NL-SLAM for OC-VLN: Natural Language Grounded SLAM for Object-Centric VLN

Sonia Raychaudhuri,Duy Ta,Katrina Ashton,Angel X. Chang,Jiuguang Wang,Bernadette Bucher
2024-11-12
Abstract:Landmark-based navigation (e.g. go to the wooden desk) and relative positional navigation (e.g. move 5 meters forward) are distinct navigation challenges solved very differently in existing robotics navigation methodology. We present a new dataset, OC-VLN, in order to distinctly evaluate grounding object-centric natural language navigation instructions in a method for performing landmark-based navigation. We also propose Natural Language grounded SLAM (NL-SLAM), a method to ground natural language instruction to robot observations and poses. We actively perform NL-SLAM in order to follow object-centric natural language navigation instructions. Our methods leverage pre-trained vision and language foundation models and require no task-specific training. We construct two strong baselines from state-of-the-art methods on related tasks, Object Goal Navigation and Vision Language Navigation, and we show that our approach, NL-SLAM, outperforms these baselines across all our metrics of success on OC-VLN. Finally, we successfully demonstrate the effectiveness of NL-SLAM for performing navigation instruction following in the real world on a Boston Dynamics Spot robot.
Robotics,Computer Vision and Pattern Recognition
What problem does this paper attempt to address?

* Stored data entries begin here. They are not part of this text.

lemma quad_warp_channel:
  fixes M :: "'y pmf" and t :: "'y \<Rightarrow> real"
  assumes "x0 \<noteq> x1" "finite (set_pmf M)" "0 < m" "\<And>y. 0 \<le> t y \<and> t y \<le> 1"
  defines "R \<equiv> \<lambda>z. two_point_pmf x0 x1 (quad_warp (z / m))"
    and "P \<equiv> bind_pmf M (\<lambda>y. map_pmf (\<lambda>x. (x, y)) (two_point_pmf x0 x1 (t y)))"
  obtains W :: "'y \<Rightarrow> nat pmf" where "\<And>y. set_pmf (W y) \<subseteq> {..m}"
    and "map_pmf (\<lambda>(x, z, y). (x, y)) (markov_pmf M W R) = P"
    and "mutual_info (map_pmf (\<lambda>(x, z, y). (x, z)) (markov_pmf M W R)) - mutual_info P
      \<le> 32 / (real m)\<^sup>2"
proof -
  have "\<forall>y. \<exists>w. grid_quantizer m (t y) w" using grid_quantizer_exists assms(3,4) by blast
  then obtain W where W: "\<And>y. grid_quantizer m (t y) (W y)" by (auto dest!: choice)
  define g where "g z = quad_warp (z / m)" for z :: nat
  have support: "set_pmf (W y) \<subseteq> {..m}" and mean: "measure_pmf.expectation (W y) g = t y" for y
    using W unfolding grid_quantizer_def g_def by auto
  have gap: "measure_pmf.expectation (W y) (\<lambda>z. binary_kl (g z) q) - binary_kl (t y) q
      \<le> 32 / (real m)\<^sup>2"
    if "0 \<le> q" "q \<le> 1" "q = 0 \<longrightarrow> t y = 0" "q = 1 \<longrightarrow> t y = 1" for y q
    using W[of y] that unfolding grid_quantizer_def g_def by blast
  have g01: "0 \<le> g z \<and> g z \<le> 1" if "z \<in> set_pmf (W y)" for y z
  proof -
    have "real z / m \<le> 1" using support that assms(3) by auto
    then show ?thesis unfolding g_def using quad_warp_unit_interval by simp
  qed
  have fin: "finite (set_pmf (W y))" for y using support by (rule finite_subset) simp
  show ?thesis
  proof (rule that[OF support])
    show "map_pmf (\<lambda>(x, z, y). (x, y)) (markov_pmf M W R) = P"
    proof -
      have "map_pmf (\<lambda>(x, z, y). (x, y)) (markov_pmf M W (\<lambda>z. two_point_pmf x0 x1 (g z))) =
          bind_pmf M (\<lambda>y. map_pmf (\<lambda>x. (x, y))
            (two_point_pmf x0 x1 (measure_pmf.expectation (W y) g)))"
        by (rule map_markov_pmf_xy_two_point) (rule g01)
      then show ?thesis unfolding R_def P_def g_def mean .
    qed
    have "mutual_info (map_pmf (\<lambda>(x, z, y). (x, z)) (markov_pmf M W (\<lambda>z. two_point_pmf x0 x1 (g z))))
        - mutual_info (bind_pmf M (\<lambda>y. map_pmf (\<lambda>x. (x, y))
            (two_point_pmf x0 x1 (measure_pmf.expectation (W y) g)))) \<le> 32 / (real m)\<^sup>2"
      using assms(1,2) fin g01 gap by (intro mutual_info_markov_pmf_gap_le) (simp_all add: mean)
    then show "mutual_info (map_pmf (\<lambda>(x, z, y). (x, z)) (markov_pmf M W R)) - mutual_info P
        \<le> 32 / (real m)\<^sup>2"
      unfolding R_def P_def g_def mean .
  qed
qed

theorem theorem1:
  fixes P :: "('x::finite \<times> 'y::finite) pmf" and L :: nat
  assumes "CARD('x) = 2" and "L \<ge> 2"
  shows "\<exists>Q :: ('x \<times> nat \<times> 'y) pmf.
           set_pmf Q \<subseteq> UNIV \<times> {..<L} \<times> UNIV \<and>
           map_pmf (\<lambda>(x, z, y). (x, y)) Q = P \<and>
           markov_chain Q \<and>
           mutual_info (map_pmf (\<lambda>(x, z, y). (x, z)) Q) - mutual_info P \<le> 128 / (real L)\<^sup>2"
proof -
  obtain x0 x1 :: 'x where x01: "x0 \<noteq> x1" and UX: "UNIV = {x0, x1}"
    using assms(1) unfolding card_2_iff by blast
  define m where "m = L - 1"
  have m: "0 < m" "real L \<le> 2 * real m" using assms(2) unfolding m_def by auto
  obtain t where t01: "\<And>y. 0 \<le> t y \<and> t y \<le> 1"
    and P: "P = bind_pmf (map_pmf snd P) (\<lambda>y. map_pmf (\<lambda>x. (x, y)) (two_point_pmf x0 x1 (t y)))"
    using binary_pmf_disintegration[OF x01 UX] by blast
  define R where "R z = two_point_pmf x0 x1 (quad_warp (z / m))" for z :: nat
  obtain W where support: "\<And>y. set_pmf (W y) \<subseteq> {..m}"
    and marginal: "map_pmf (\<lambda>(x, z, y). (x, y)) (markov_pmf (map_pmf snd P) W R) = P"
    and gap: "mutual_info (map_pmf (\<lambda>(x, z, y). (x, z)) (markov_pmf (map_pmf snd P) W R)) - mutual_info P
      \<le> 32 / (real m)\<^sup>2"
    using quad_warp_channel[where M = "map_pmf snd P" and t = t, OF x01 _ m(1) t01]
    unfolding R_def P[symmetric] by auto
  have "32 / (real m)\<^sup>2 \<le> 128 / (real L)\<^sup>2"
  proof -
    have "(real L)\<^sup>2 \<le> (2 * real m)\<^sup>2" using m(2) by (intro power_mono) auto
    then have "128 / (2 * real m)\<^sup>2 \<le> 128 / (real L)\<^sup>2"
      using m(1) assms(2) by (intro divide_left_mono) auto
    then show ?thesis by (simp add: power_mult_distrib)
  qed
  moreover have "set_pmf (markov_pmf (map_pmf snd P) W R) \<subseteq> UNIV \<times> {..<L} \<times> UNIV"
    using support m(1) unfolding set_markov_pmf m_def by fastforce
  ultimately show ?thesis using marginal gap markov_chain_markov_pmf by fastforce
qed

end
theorem lemma2p7:
  fixes V :: "'a set" and E :: "'a \<Rightarrow> 'a \<Rightarrow> bool" and z :: 'a
  assumes "simple_graph V E"
    and "connected_graph V E"
    and "reflective V E"
    and "z \<in> V"
    and "disconnected_graph (sphere1 V E z) (induced E (sphere1 V E z))"
  shows "is_cartesian_product V E"
proof -
  interpret reflective_graph V E using assms(1-3) by unfold_locales
  obtain C c k where C: "\<And>c. c \<in> C \<Longrightarrow> E z c" "\<And>c k. c \<in> C \<Longrightarrow> E z k \<Longrightarrow> E c k \<Longrightarrow> k \<in> C"
    and "c \<in> C" "E z k" "k \<notin> C"
    using disconnected_sphere1E[OF assms(4,5)] by blast
  interpret sphere_component V E z C using assms(4) C by unfold_locales
  show ?thesis using is_cartesian_product_component[OF \<open>c \<in> C\<close> \<open>E z k\<close> \<open>k \<notin> C\<close>] .
qed

end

The problem that this paper attempts to solve is how to effectively combine natural language instructions and environmental observations in robot navigation to achieve object - based goal - directed navigation. Specifically, the paper proposes a new dataset named OC - VLN, which focuses on studying the object - based navigation instruction - following task. In addition, the paper also proposes a new method - Natural Language - supported Simultaneous Localization and Mapping (NL - SLAM). This method can align natural language instructions with the robot's observations and poses, thereby achieving the accurate execution of navigation instructions. Through this method, after receiving natural language instructions, the robot can use the prior information provided by these instructions and combine the observational data in the actual environment to complete the navigation task more accurately. This research aims to bridge the gap between language guidance and spatial perception and improve the autonomous navigation ability of robots in complex environments.